Pour mieux visualiser l’ampleur la réalité de la pauvreté telle que mesurée par l’enquête EFRS, rappelons la définition du seuil de pauvreté retenu par l’INSEE :

Le seuil de pauvreté monétaire est fixé à 60 % du niveau de vie médian, qui est le revenu tel que la moitié de la population perçoit plus que ce revenu et la moitié perçoit moins.

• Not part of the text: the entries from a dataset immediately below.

theorem proposition2p15:
  fixes n :: nat
  assumes "n \<ge> 4"
  defines "lam \<equiv> (\<lambda>k::nat. if k = 1 then int n - 2 else 2)"
  defines "m \<equiv> (n - 1) div 2"
  defines "P' \<equiv> Pset 2 lam - {\<lambda>k. 0}"
  shows "bij_betw (pt 2 lam) {0..n-2} (Pset 2 lam) \<and>
       pt 2 lam 0 = (\<lambda>k. 0) \<and>
       {x \<in> P'. \<not> (\<exists>y\<in>P'. Plt 2 lam y x)} = pt 2 lam ` {1..m} \<and>
       {x \<in> P'. \<not> (\<exists>y\<in>P'. Plt 2 lam x y)} = pt 2 lam ` {m+1..n-2} \<and>
       (\<forall>b\<in>{1..n-2}. \<forall>c\<in>{1..n-2}.
           Pcovers_in 2 lam P' (pt 2 lam b) (pt 2 lam c) \<longleftrightarrow>
           (\<exists>j\<in>{1..n-2-m}. c = m + j \<and> b \<in> {j..m})) \<and>
       (\<forall>b\<in>{1..n-2}. \<forall>c\<in>{1..n-2}.
           Plt 2 lam (pt 2 lam b) (pt 2 lam c) \<longleftrightarrow>
           Pcovers_in 2 lam P' (pt 2 lam b) (pt 2 lam c))"
proof -
  have n: "2 \<le> n" using assms(1) by simp
  have lam: "lam = lam2 n" by (simp add: lam_def lam2_def fun_eq_iff)
  have m: "1 \<le> m" "m < n - 2" "n - 2 \<le> 2 * m" using assms(1) unfolding m_def by presburger+
  have P': "P' = pt 2 lam ` {1..n - 2}"
    unfolding P'_def lam by (rule Pset_lam2_minus_origin[OF n])
  have lt: "Plt 2 lam (pt 2 lam b) (pt 2 lam c) \<longleftrightarrow> b \<le> m \<and> m < c \<and> c \<le> b + m"
    if "b \<in> {1..n - 2}" "c \<in> {1..n - 2}" for b c
    unfolding lam m_def using Plt_pt_lam2_iff[OF n that] .
  have covers: "Pcovers_in 2 lam P' (pt 2 lam b) (pt 2 lam c) \<longleftrightarrow>
      Plt 2 lam (pt 2 lam b) (pt 2 lam c)" if "b \<in> {1..n - 2}" "c \<in> {1..n - 2}" for b c
    unfolding P'_def lam using Pcovers_in_lam2_iff_Plt[OF n that] .
  have minimal:
    "{c \<in> {1..n - 2}. \<not> (\<exists>b\<in>{1..n - 2}. Plt 2 lam (pt 2 lam b) (pt 2 lam c))} = {1..m}"
    using lt m by (auto dest: bspec[where x = m])
  have maximal:
    "{b \<in> {1..n - 2}. \<not> (\<exists>c\<in>{1..n - 2}. Plt 2 lam (pt 2 lam b) (pt 2 lam c))} = {m+1..n - 2}"
    using lt m by (auto dest: bspec[where x = "m + 1"])
  have crown: "(\<exists>j\<in>{1..n - 2 - m}. c = m + j \<and> b \<in> {j..m}) \<longleftrightarrow>
      b \<le> m \<and> m < c \<and> c \<le> b + m" if "c \<le> n - 2" for b c
    using that by (auto intro!: bexI[of _ "c - m"])
  show ?thesis
  proof (intro conjI)
    show "bij_betw (pt 2 lam) {0..n - 2} (Pset 2 lam)"
      unfolding lam by (rule bij_betw_pt_lam2[OF n])
    show "{x \<in> P'. \<not> (\<exists>y\<in>P'. Plt 2 lam y x)} = pt 2 lam ` {1..m}"
      unfolding P' minimal[symmetric] by blast
    show "{x \<in> P'. \<not> (\<exists>y\<in>P'. Plt 2 lam x y)} = pt 2 lam ` {m + 1..n - 2}"
      unfolding P' maximal[symmetric] by blast
  qed (use covers lt crown pt_0 in simp_all)
qed

end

En France, en 2023, le niveau de vie annuel médian des personnes vivant dans un logement ordinaire de France métropolitaine est de 25 760 euros par unité de consommation (UC). Les unités de consommation permettent de comparer des ménages de composition différente. Elles sont calculées selon l’échelle d’équivalence de l’OCDE qui attribue 1 UC au premier adulte du ménage, 0,5 UC aux autres personnes de 14 ans ou plus et 0,3 UC aux enfants de moins de 14 ans.

En 2023, le niveau de vie mensuel moyen correspond à un revenu disponible de 2 150 euros mensuels pour une personne seule et de 3 860 euros pour un couple avec un enfant de moins de 14 ans.

Le seuil de pauvreté, en 2023, s’établit donc à 1 288 euros par mois et par unité de consommation. Il correspond à un revenu disponible mensuel de 1 288 euros pour une personne seule, 1 932 euros pour un couple, auxquels il faut ajouter 386 euros pour chaque enfant de moins de 14 ans et 644 euros pour chaque enfant plus âgé. En 2023, 9,8 millions de personnes « résidant dans un logement ordinaire en France métropolitaine » vivent en dessous de ce seuil.

Un individu est considéré comme pauvre lorsqu’il vit dans un ménage dont le niveau de vie est inférieur au seuil de pauvreté.